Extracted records
lemma H_class_eq: "H_class M e = {m \<in> M. \<exists>a\<in>M. unit_pair e m a}"
proof (intro equalityI subsetI CollectI conjI)
  fix m assume "m \<in> H_class M e"
  then obtain x y x' y' where "m \<in> M" "y \<in> M"
    and m: "m = e O x" "m = x' O e" and e_eq: "e = m O y" "e = y' O m"
    unfolding H_class_def green_R_def green_L_def by blast
  show "m \<in> M"
    by fact
  note e = e_eq[symmetric]
  have em: "e O m = m" "m O e = m"
    using m(1) idem apply (simp add: O_assoc[symmetric])
    using m(2) idem by (simp add: O_assoc)
  \<comment> \<open>The right inverse y and the left inverse y' agree after trimming by e.\<close>
  define a where "a = e O y"
  have "y' O e = y' O (m O y)"
    using e(1) by simp
  also have "\<dots> = (y' O m) O y"
    by (simp only: O_assoc)
  finally have a': "a = y' O e"
    unfolding a_def using e(2) by simp
  have "m O a = e"
    unfolding a_def using e(1) em(2) by (simp add: O_assoc[symmetric])
  moreover have "a O m = e"
    unfolding a' using e(2) em(1) by (simp add: O_assoc)
  moreover have "e O a = a"
    unfolding a_def using idem by (simp add: O_assoc[symmetric])
  moreover have "a O e = a"
    unfolding a' using idem by (simp add: O_assoc)
  ultimately have "unit_pair e m a"
    using em unfolding unit_pair_def by (intro conjI)
  moreover have "a \<in> M"
    unfolding a_def using comp_closed idempotent_mem \<open>y \<in> M\<close> by blast
  ultimately show "\<exists>a\<in>M. unit_pair e m a"
    by blast
next
  fix m assume "m \<in> {m \<in> M. \<exists>a\<in>M. unit_pair e m a}"
  then obtain a where "m \<in> M" "a \<in> M" and ma: "unit_pair e m a"
    by blast
  have "m = e O m" "e = m O a" "m = m O e" "e = a O m"
    using unit_pairD[OF ma] by simp_all
  with \<open>m \<in> M\<close> \<open>a \<in> M\<close> have "green_R M m e" "green_L M m e"
    unfolding green_R_def green_L_def
    by (metis bexI[where x = m] bexI[where x = a])+
  with \<open>m \<in> M\<close> show "m \<in> H_class M e"
    unfolding H_class_def by blast
qed

lemma H_inv_eqI:
  assumes m: "m \<in> H_class M e" and "a \<in> M" and ma: "unit_pair e m a"
  shows "H_inv M e m = a"
  unfolding H_inv_def
proof (rule the_equality)
  have "m \<in> M"
    using m unfolding H_class_eq by simp
  with \<open>a \<in> M\<close> unit_pair_sym[OF ma] have "a \<in> H_class M e"
    unfolding H_class_eq by blast
  then show "a \<in> H_class M e \<and> m O a = e \<and> a O m = e"
    using unit_pairD(1,2)[OF ma] by simp
next
  fix n assume n: "n \<in> H_class M e \<and> m O n = e \<and> n O m = e"
  then obtain c where nc: "unit_pair e n c"
    unfolding H_class_eq by blast
  from n have "m O n = e" "n O m = e"
    by simp_all
  with unit_pairD(3,4)[OF ma] unit_pairD(3,4)[OF nc] have "unit_pair e m n"
    unfolding unit_pair_def by (intro conjI)
  with ma show "n = a"
    by (rule unit_pair_unique[symmetric])
qed

lemma unit_pair_H_inv:
  assumes "m \<in> H_class M e"
  shows "H_inv M e m \<in> M" "unit_pair e m (H_inv M e m)"
proof -
  obtain a where "a \<in> M" "unit_pair e m a"
    using assms unfolding H_class_eq by blast
  with assms show "H_inv M e m \<in> M" "unit_pair e m (H_inv M e m)"
    using H_inv_eqI by simp_all
qed

lemma H_class_comp_closed:
  assumes "m \<in> H_class M e" "n \<in> H_class M e"
  shows "m O n \<in> H_class M e"
  using assms comp_closed unit_pair_comp unfolding H_class_eq by blast

lemma H_inv_comp:
  assumes "m \<in> H_class M e" "n \<in> H_class M e"
  shows "H_inv M e (m O n) = H_inv M e n O H_inv M e m"
  using H_class_comp_closed[OF assms] comp_closed[OF unit_pair_H_inv(1)[OF assms(2)] unit_pair_H_inv(1)[OF assms(1)]]
    unit_pair_comp[OF unit_pair_H_inv(2)[OF assms(1)] unit_pair_H_inv(2)[OF assms(2)]]
  by (rule H_inv_eqI)

lemma H_inv_idempotent: "H_inv M e e = e"
proof -
  have "e \<in> H_class M e"
    using idempotent_mem unit_pair_idem[OF idem] unfolding H_class_eq by blast
  then show ?thesis
    using idempotent_mem unit_pair_idem[OF idem] by (rule H_inv_eqI)
qed

end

Exercise instructions
Output each record exactly, leaving nothing out.

Result of the task
lemma H_class_eq: "H_class M e = {m \<in> M. \<exists>a\<in>M. unit_pair e m a}"
proof (intro equalityI subsetI CollectI conjI)
  fix m assume "m \<in> H_class M e"
  then obtain x y x' y' where "m \<in> M" "y \<in> M"
    and m: "m = e O x" "m = x' O e" and e_eq: "e = m O y" "e = y' O m"
    unfolding H_class_def green_R_def green_L_def by blast
  show "m \<in> M"
    by fact
  note e = e_eq[symmetric]
  have em: "e O m = m" "m O e = m"
    using m(1) idem apply (simp add: O_assoc[symmetric])
    using m(2) idem by (simp add: O_assoc)
  \<comment> \<open>The right inverse y and the left inverse y' agree after trimming by e.\<close>
  define a where "a = e O y"
  have "y' O e = y' O (m O y)"
    using e(1) by simp
  also have "\<dots> = (y' O m) O y"
    by (simp only: O_assoc)
  finally have a': "a = y' O e"
    unfolding a_def using e(2) by simp
  have "m O a = e"
    unfolding a_def using e(1) em(2) by (simp add: O_assoc[symmetric])
  moreover have "a O m = e"
    unfolding a' using e(2) em(1) by (simp add: O_assoc)
  moreover have "e O a = a"
    unfolding a_def using idem by (simp add: O_assoc[symmetric])
  moreover have "a O e = a"
    unfolding a' using idem by (simp add: O_assoc)
  ultimately have "unit_pair e m a"
    using em unfolding unit_pair_def by (intro conjI)
  moreover have "a \<in> M"
    unfolding a_def using comp_closed idempotent_mem \<open>y \<in> M\<close> by blast
  ultimately show "\<exists>a\<in>M. unit_pair e m a"
    by blast
next
  fix m assume "m \<in> {m \<in> M. \<exists>a\<in>M. unit_pair e m a}"
  then obtain a where "m \<in> M" "a \<in> M" and ma: "unit_pair e m a"
    by blast
  have "m = e O m" "e = m O a" "m = m O e" "e = a O m"
    using unit_pairD[OF ma] by simp_all
  with \<open>m \<in> M\<close> \<open>a \<in> M\<close> have "green_R M m e" "green_L M m e"
    unfolding green_R_def green_L_def
    by (metis bexI[where x = m] bexI[where x = a])+
  with \<open>m \<in> M\<close> show "m \<in> H_class M e"
    unfolding H_class_def by blast
qed

lemma H_inv_eqI:
  assumes m: "m \<in> H_class M e" and "a \<in> M" and ma: "unit_pair e m a"
  shows "H_inv M e m = a"
  unfolding H_inv_def
proof (rule the_equality)
  have "m \<in> M"
    using m unfolding H_class_eq by simp
  with \<open>a \<in> M\<close> unit_pair_sym[OF ma] have "a \<in> H_class M e"
    unfolding H_class_eq by blast
  then show "a \<in> H_class M e \<and> m O a = e \<and> a O m = e"
    using unit_pairD(1,2)[OF ma] by simp
next
  fix n assume n: "n \<in> H_class M e \<and> m O n = e \<and> n O m = e"
  then obtain c where nc: "unit_pair e n c"
    unfolding H_class_eq by blast
  from n have "m O n = e" "n O m = e"
    by simp_all
  with unit_pairD(3,4)[OF ma] unit_pairD(3,4)[OF nc] have "unit_pair e m n"
    unfolding unit_pair_def by (intro conjI)
  with ma show "n = a"
    by (rule unit_pair_unique[symmetric])
qed

lemma unit_pair_H_inv:
  assumes "m \<in> H_class M e"
  shows "H_inv M e m \<in> M" "unit_pair e m (H_inv M e m)"
proof -
  obtain a where "a \<in> M" "unit_pair e m a"
    using assms unfolding H_class_eq by blast
  with assms show "H_inv M e m \<in> M" "unit_pair e m (H_inv M e m)"
    using H_inv_eqI by simp_all
qed

lemma H_class_comp_closed:
  assumes "m \<in> H_class M e" "n \<in> H_class M e"
  shows "m O n \<in> H_class M e"
  using assms comp_closed unit_pair_comp unfolding H_class_eq by blast

lemma H_inv_comp:
  assumes "m \<in> H_class M e" "n \<in> H_class M e"
  shows "H_inv M e (m O n) = H_inv M e n O H_inv M e m"
  using H_class_comp_closed[OF assms] comp_closed[OF unit_pair_H_inv(1)[OF assms(2)] unit_pair_H_inv(1)[OF assms(1)]]
    unit_pair_comp[OF unit_pair_H_inv(2)[OF assms(1)] unit_pair_H_inv(2)[OF assms(2)]]
  by (rule H_inv_eqI)

lemma H_inv_idempotent: "H_inv M e e = e"
proof -
  have "e \<in> H_class M e"
    using idempotent_mem unit_pair_idem[OF idem] unfolding H_class_eq by blast
  then show ?thesis
    using idempotent_mem unit_pair_idem[OF idem] by (rule H_inv_eqI)
qed

end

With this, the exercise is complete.